As Gov. Mike Parson announced the opening of Phase 1B, Tier 1 and 2 of the COVID-19 distribution plan, Tom Patterson -- the Nodaway County public health administrator -- noted that vaccine availability looks slim in the county.
Patterson said the main challenge Missouri will face among the opening of Phase 1B will be the availability of vaccines, a common theme among the opening of new tiers.
“We weren’t expecting them to do this at this time,” Patterson said. “Vaccines aren’t widely available.”
In Parson’s announcement, he noted that the state was following recommendations from federal partners and information from stakeholders across the state in regards to the opening of Phase 1B, Tier 1.
Parson also announced that the state opened Phase 1B, Tier 2 on Jan. 18.Tier 1 of Phase 1B opened Jan. 14.
Patterson noted that there are some areas in Missouri that haven’t received any vaccines since the original distribution in December 2020. Maryville is not one of the areas that Patterson mentioned to have not gotten any vaccines.
He also said the timing involved with the opening of these tiers makes it seem like the vaccines will be available sooner and the distribution will become faster, but this is not the case.
According to the CDC, as of Jan. 15 the number of distributed coronavirus vaccines in Missouri is 528,800.
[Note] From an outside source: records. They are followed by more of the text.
(* Let $G=(V,E)$ be a graph and $\mathcal{C}$ a 2-coloring of $G$ with red degree sequence $d$. Then \[\dim\mathcal{A}(G,\mathcal{C})=\#E_d-\#V+b(V,E_d),\] where $b(V,E_d)$ denotes the number of bipartite connected components of the graph $(V,E_d)$.
   Context: Graphs are finite, undirected, may have parallel edges but no loops. A 2-coloring is $\mathcal{C}:E\to\{R,B\}$; its red degree sequence is $d=(d(v):v\in V)$ where $d(v)$ is the number of red edges at $v$. $\mathcal{K}(d)$ is the set of all 2-colorings of $G$ with red degree sequence $d$. The alternating cone $\mathcal{A}(G,\mathcal{C})\subseteq\mathbb{R}^E$ is the set of $x\ge0$ such that at each vertex the sum of $x$ over incident red edges equals the sum over incident blue edges. A closed alternating walk (CAW) is a walk $(v_0,e_1,v_1,\dots,e_m,v_m)$ with $v_0=v_m$, consecutive edges of different colors, and $\mathcal{C}(e_m)\ne\mathcal{C}(e_1)$. $E_d$ is the set of edges $e\in E$ such that some 2-coloring in $\mathcal{K}(d)$ has a CAW containing $e$ (isolated vertices count as bipartite components of $(V,E_d)$). *)

theory Defs
  imports "HOL-Analysis.Analysis"
begin

text \<open>A (multi)graph: finite vertex set V, edge set E (a subset of a finite
type of edge names, so parallel edges are allowed), endpoint map ends;
every edge has exactly two distinct endpoints in V (no loops).
A 2-coloring is C :: 'e \<Rightarrow> bool, True = red, False = blue.\<close>

definition graph :: "'v set \<Rightarrow> 'e set \<Rightarrow> ('e \<Rightarrow> 'v set) \<Rightarrow> bool" where
  "graph V E ends \<longleftrightarrow> finite V \<and> finite E \<and>
     (\<forall>e\<in>E. card (ends e) = 2 \<and> ends e \<subseteq> V)"

definition red_degree :: "'e set \<Rightarrow> ('e \<Rightarrow> 'v set) \<Rightarrow> ('e \<Rightarrow> bool) \<Rightarrow> 'v \<Rightarrow> nat" where
  "red_degree E ends C v = card {e\<in>E. v \<in> ends e \<and> C e}"

text \<open>Alternating cone, as a subset of R^E (embedded in real^'e, coordinates
outside E being zero).\<close>
definition alt_cone :: "'v set \<Rightarrow> 'e::finite set \<Rightarrow> ('e \<Rightarrow> 'v set) \<Rightarrow> ('e \<Rightarrow> bool) \<Rightarrow> (real^'e) set" where
  "alt_cone V E ends C = {x. (\<forall>e\<in>E. x $ e \<ge> 0) \<and> (\<forall>e. e \<notin> E \<longrightarrow> x $ e = 0) \<and>
      (\<forall>v\<in>V. (\<Sum>e\<in>{e\<in>E. v \<in> ends e \<and> C e}. x $ e) =
              (\<Sum>e\<in>{e\<in>E. v \<in> ends e \<and> \<not> C e}. x $ e))}"

text \<open>Closed alternating walk (v_0,e_1,v_1,...,e_m,v_m): vertex list vs of length m+1,
edge list es of length m (es ! i = e_{i+1}).\<close>
definition is_CAW :: "'e set \<Rightarrow> ('e \<Rightarrow> 'v set) \<Rightarrow> ('e \<Rightarrow> bool) \<Rightarrow> 'v list \<Rightarrow> 'e list \<Rightarrow> bool" where
  "is_CAW E ends C vs es \<longleftrightarrow>
     length es \<ge> 1 \<and> length vs = length es + 1 \<and>
     (\<forall>i<length es. es ! i \<in> E \<and> ends (es ! i) = {vs ! i, vs ! (i+1)}) \<and>
     vs ! 0 = vs ! length es \<and>
     (\<forall>i. i + 1 < length es \<longrightarrow> C (es ! i) \<noteq> C (es ! (i+1))) \<and>
     C (last es) \<noteq> C (hd es)"

definition E_d :: "'v set \<Rightarrow> 'e set \<Rightarrow> ('e \<Rightarrow> 'v set) \<Rightarrow> ('v \<Rightarrow> nat) \<Rightarrow> 'e set" where
  "E_d V E ends d = {e\<in>E. \<exists>C'. (\<forall>v\<in>V. red_degree E ends C' v = d v) \<and>
       (\<exists>vs es. is_CAW E ends C' vs es \<and> e \<in> set es)}"

definition components :: "'v set \<Rightarrow> 'e set \<Rightarrow> ('e \<Rightarrow> 'v set) \<Rightarrow> 'v set set" where
  "components V F ends = V // Restr ({(u,v). \<exists>e\<in>F. ends e = {u,v}}\<^sup>*) V"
“It’s going to get a little bit stressful here for the next month or so,” Patterson said.
Patterson continued to emphasize patience with the community. He said the opening of Tiers one and two in Phase 1B was something that the health department was not expecting.
The health department will not be able to order anymore vaccines for at least another two weeks due to the federal government’s partnership with pharmaceutical companies to vaccinate long-term health care facilities.
According to a KY3 article, Missouri will not be receiving as many COVID-19 vaccines as planned from Operation Warp Speed. The director of the Missouri Department of Health and Senior Services said in the KY3 article, as of Jan. 15, that the state is currently receiving 70,000 to 80,000 vaccines per week, but the state was expecting roughly double that amount.
Between the delay in the health department’s ability to request more vaccines and the unexpected change in state’s allocation of vaccines, Patterson’s predictions of vaccine availability are more evident.
“We’ll see — in a couple weeks, maybe it will start to look better,” Patterson said.
Despite Patterson’s concerns with vaccine availability, he said he is glad to see students attending classes in person.
As of Jan. 16, the latest available data by time of publication, there are 70 current cases in the county, 14 of which involve Northwest students and staff. The seven-day rolling case average is seven. There have been 2,477 total COVID-19 cases in the county and 21 deaths.
Regardless of the statistics, Patterson preached the need to take precautions, but also the importance of going to school, rather than learning through a screen.
“I don’t think we can stay home,” Patterson said. “I mean, what else are we going to do?”